Based on estimates from the Congressional Budget Office, a new KFF analysis predicts that House Republicans’ Medicaid work requirements proposal would leave 1.7 million enrollees ineligible for Medicaid. The analysis noted that states could continue to cover enrollees who run afoul of work requirements, but they would have to cover 100% of their costs without federal help. If states did go that route, they could collectively face $10.3 billion worth of new costs in 2024. Republicans included Medicaid work requirements provisions in debt-ceiling legislation that passed the House on April 26, although the measure is not expected to clear the Democrat-controlled Senate.

CMS on April 27 proposed new regulations that would “establish tangible, consistent access standards” in Medicaid as well as create “a consistent way to transparently review and assess Medicaid payment rates across states.” The new policies are included in two notices of proposed rulemaking — the Ensuring Access to Medicaid Services NPRM and the Managed Care Access, Finance, and Quality NPRM. Of note for the managed care industry, the proposed regulations would create national maximum standards for certain appointment wait times for Medicaid or Children’s Health Insurance Program (CHIP) managed care enrollees, CMS said. They would also create stronger state monitoring and reporting requirements related to access and network adequacy for Medicaid or CHIP managed care plans, and require states to conduct “independent secret shopper surveys” of Medicaid or CHIP managed care plans to verify compliance with appointment wait time standards and to identify where provider directories are inaccurate. Among other provisions, the NPRMs would additionally require states to conduct annual enrollee experience surveys for each Medicaid managed care plan, and establish a framework for states to implement a Medicaid or CHIP quality rating system, which CMS calls a “one-stop-shop” for enrollees to compare Medicaid or CHIP managed care plans based on quality of care, access to providers, covered benefits and drugs, cost, and other plan performance indicators.
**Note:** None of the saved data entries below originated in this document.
text \<open>The two arcs at the medial vertex of edge e, given configuration A.
  Horizontal e = (v,H), endpoints x = v, y = v+(1,0); face above is v (e is its bottom,
  corners (x,above) = (v,SW), (y,above) = (v,SE)); face below is v-(0,1) (e is its top,
  corners (x,below) = (v-(0,1),NW), (y,below) = (v-(0,1),NE)).
  Vertical e = (v,V), endpoints x = v, y = v+(0,1); face right is v (e is its left side,
  corners (v,SW), (v,NW)); face left is v-(1,0) (e is its right side, corners
  (v-(1,0),SE), (v-(1,0),NE)).
  Occupied: pair (x,f) with (y,f); unoccupied: pair (x,f) with (x,f').\<close>

definition arcs :: "nat \<Rightarrow> edge set \<Rightarrow> edge \<Rightarrow> (corner \<times> corner) set" where
  "arcs L A e = (case e of
     (v, H) \<Rightarrow> (let w = shift_down L v in
        if e \<in> A then {((v, SW), (v, SE)), ((w, NW), (w, NE))}
        else {((v, SW), (w, NW)), ((v, SE), (w, NE))})
   | (v, V) \<Rightarrow> (let w = shift_left L v in
        if e \<in> A then {((v, SW), (v, NW)), ((w, SE), (w, NE))}
        else {((v, SW), (w, SE)), ((v, NW), (w, NE))}))"

definition pairing :: "nat \<Rightarrow> edge set \<Rightarrow> (corner \<times> corner) set" where
  "pairing L A = (\<Union>e\<in>torus_edges L. arcs L A e)"

definition same_loop :: "nat \<Rightarrow> edge set \<Rightarrow> corner \<Rightarrow> corner \<Rightarrow> bool" where
  "same_loop L A c c' \<longleftrightarrow> (c, c') \<in> (pairing L A \<union> (pairing L A)\<inverse>)\<^sup>*"

text \<open>The two loop segments associated with an occupied edge: one representative medial edge
  from each of the two arcs running alongside e.\<close>
definition seg1 :: "nat \<Rightarrow> edge \<Rightarrow> corner" where
  "seg1 L e = (fst e, SW)"

definition seg2 :: "nat \<Rightarrow> edge \<Rightarrow> corner" where
  "seg2 L e = (case e of (v, H) \<Rightarrow> (shift_down L v, NW) | (v, V) \<Rightarrow> (shift_left L v, SE))"

definition N1 :: "nat \<Rightarrow> edge set \<Rightarrow> nat" where
  "N1 L A = card {e \<in> A. same_loop L A (seg1 L e) (seg2 L e)}"

definition N2 :: "nat \<Rightarrow> edge set \<Rightarrow> nat" where
  "N2 L A = card {e \<in> A. \<not> same_loop L A (seg1 L e) (seg2 L e)}"

definition perc_half :: "nat \<Rightarrow> edge set pmf" where
  "perc_half L = pmf_of_set (Pow (torus_edges L))"

end

theory Submission
  imports Defs
begin
(* Let $s:\mathcal{X}\times\mathcal{Y}\to\mathbb{R}$ be a fixed measurable nonconformity score, $S_1,\dots,S_d$ probability distributions on $\mathcal{X}\times\mathcal{Y}$, $f$ a function as described in the context, $\rho>0$ and $\alpha\in(0,1)$. For each $i\in[d]$ let $(X_{ij},Y_{ij})_{j=1}^{m_i}$ be i.i.d. from $S_i$, $V_{ij}=s(X_{ij},Y_{ij})$, $\hat F_i(x)=\frac{1}{m_i}\sum_{j=1}^{m_i}\mathbb{I}_{(-\infty,x]}(V_{ij})$ and $\hat F_{\min}(x)=\min_i\hat F_i(x)$. Let $(X_{n+1},Y_{n+1})$ be such that $V_{n+1}=s(X_{n+1},Y_{n+1})\sim P$ for some $P\in\mathcal{P}_{f,\rho}$, with $V_{n+1}$ independent of $\{V_{ij}\}$. For arbitrary $\epsilon>0$ set $$\alpha'=1-g_{f,\rho}\left(\epsilon+g_{f,\rho}^{-1}\left(\frac{1-\alpha}{1-2\sum_{i=1}^de^{-2m_i\epsilon^2}}\right)\right),$$ $t\coloneqq\mathcal{Q}\left(g_{f,\rho}^{-1}(1-\alpha');\hat F_{\min}\right)$ and $\widetilde{\mathcal{C}}(x)\coloneqq\{y\in\mathcal{Y}:s(x,y)\le t\}$. Then $$\mathbb{P}\left(Y_{n+1}\in\widetilde{\mathcal{C}}(X_{n+1})\right)\ge1-\alpha.$$
   Context: $f:\mathbb{R}\to\mathbb{R}\cup\{+\infty\}$ is a closed convex function with $f(1)=0$ and $f(t)=+\infty$ for $t<0$; for $P\ll Q$, $D_f(P\Vert Q)\coloneqq\int f\left(\frac{dP}{dQ}\right)dQ$. $\mathcal{CH}(P_1,\dots,P_d)\coloneqq\{\sum_i\lambda_iP_i:\lambda_i\ge0,\sum_i\lambda_i=1\}$; $s\#T$ is the push-forward $(s\#T)(A)=T(s^{-1}(A))$. $\mathcal{P}_{f,\rho}\coloneqq\{S\text{ a distribution on }\mathbb{R}:\exists S_0\in\mathcal{CH}(s\#S_1,\dots,s\#S_d),\ D_f(S\Vert S_0)\le\rho\}$. $g_{f,\rho}(\beta)\coloneqq\inf\{z\in[0,1]:\beta f(z/\beta)+(1-\beta)f((1-z)/(1-\beta))\le\rho\}$ for $\beta\in[0,1]$, and $g_{f,\rho}^{-1}(\tau)\coloneqq\sup\{\beta\in[0,1]:g_{f,\rho}(\beta)\le\tau\}$. For a c.d.f. $F$, $\mathcal{Q}(\beta;F)\coloneqq\inf\{q:F(q)\ge\beta\}$. *)

theory Defs
  imports "HOL-Probability.Probability"
begin

definition closed_convex_fdiv_fun :: "(real \<Rightarrow> ereal) \<Rightarrow> bool" where
  "closed_convex_fdiv_fun f \<longleftrightarrow>
     (\<forall>t. f t \<noteq> -\<infinity>) \<and>
     (\<forall>x y u. 0 \<le> u \<and> u \<le> 1 \<longrightarrow>
        f (u * x + (1 - u) * y) \<le> ereal u * f x + ereal (1 - u) * f y) \<and>
     closed {p :: real \<times> real. f (fst p) \<le> ereal (snd p)} \<and>
     f 1 = 0 \<and>
     (\<forall>t<0. f t = \<infinity>)"
definition partially_bounded_cm :: "(nat list \<Rightarrow> nat) \<Rightarrow> bool" where
  "partially_bounded_cm \<psi> \<longleftrightarrow>
     (\<forall>a. \<psi> a = 0 \<longleftrightarrow> a = []) \<and>
     (\<forall>a b. mset a = mset b \<longrightarrow> \<psi> a = \<psi> b) \<and>
     (\<forall>a b. \<psi> a \<le> \<psi> (a @ b)) \<and>
     (\<forall>a b. \<psi> (a @ b) \<le> \<psi> a + \<psi> b)"

definition bounded_cm :: "(nat list \<Rightarrow> nat) \<Rightarrow> bool" where
  "bounded_cm \<psi> \<longleftrightarrow> partially_bounded_cm \<psi> \<and> (\<forall>a. length a \<le> \<psi> a)"

definition psi_word :: "(nat list \<Rightarrow> nat) \<Rightarrow> (nat \<times> nat) list \<Rightarrow> nat" where
  "psi_word \<psi> \<alpha> = \<psi> (map fst \<alpha>)"

definition psi_tree :: "(nat list \<Rightarrow> nat) \<Rightarrow> dtree list \<Rightarrow> nat" where
  "psi_tree \<psi> \<Gamma> = Max {psi_word \<psi> w | w d. cpath \<Gamma> w d}"

definition nd_tree :: "nat \<Rightarrow> dtable \<Rightarrow> dtree list \<Rightarrow> bool" where
  "nd_tree k T \<Gamma> \<longleftrightarrow> k_tree k \<Gamma> \<and> attrs \<Gamma> \<subseteq> set (cols T) \<and>
     (\<forall>r\<in>rows T. \<exists>w d. cpath \<Gamma> w d \<and> r \<in> rows (sub T w)) \<and>
     (\<forall>w d. cpath \<Gamma> w d \<longrightarrow> rows (sub T w) = {} \<or> d \<in> common_dec (sub T w))"

definition psi_a :: "nat \<Rightarrow> (nat list \<Rightarrow> nat) \<Rightarrow> dtable \<Rightarrow> nat" where
  "psi_a k \<psi> T = (LEAST p. \<exists>\<Gamma>. nd_tree k T \<Gamma> \<and> psi_tree \<psi> \<Gamma> = p)"

text \<open>M_psi(T, delta): chosen columns are given by a list of column positions is.\<close>
definition M_psi :: "(nat list \<Rightarrow> nat) \<Rightarrow> dtable \<Rightarrow> nat list \<Rightarrow> nat" where
  "M_psi \<psi> T \<delta> = (LEAST p. \<exists>is. set is \<subseteq> {..<length (cols T)} \<and>
      in_Mc (sub T (map (\<lambda>i. (cols T ! i, \<delta> ! i)) is)) \<and>
      \<psi> (map (\<lambda>i. cols T ! i) is) = p)"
Oklahoma lawmakers accused CVS Health Corp.’s Caremark PBM of “intentionally lying” in its denials of 90-day prescription fills for some patients, according to The Oklahoman. The Oklahoma City newspaper reported that Caremark had routinely denied Oklahoma residents 90-day prescription fills and cited a state law as the reason, claiming that such fills were illegal under the statute. State Rep. Jon Echols, a Republican, said that such a justification was a lie: “Anyone that says that is not misinformed. They don’t misunderstand. They are intentionally lying to you. And we’re not going to stand for it.” Oklahoma’s insurance commissioner, Republican Glen Mulready, earlier this month filed an administrative action against Caremark that, per a press release from Mulready’s office, “targets the practice of ‘steering patients’ to CVS pharmacies and prescription mail-order services and seeks to censure, suspend, place on probation or revoke the Pharmacy Benefit Manager (PBM) license of CVS/Caremark. In addition, the… Department will seek restitution and/or levy fines for each alleged violation.”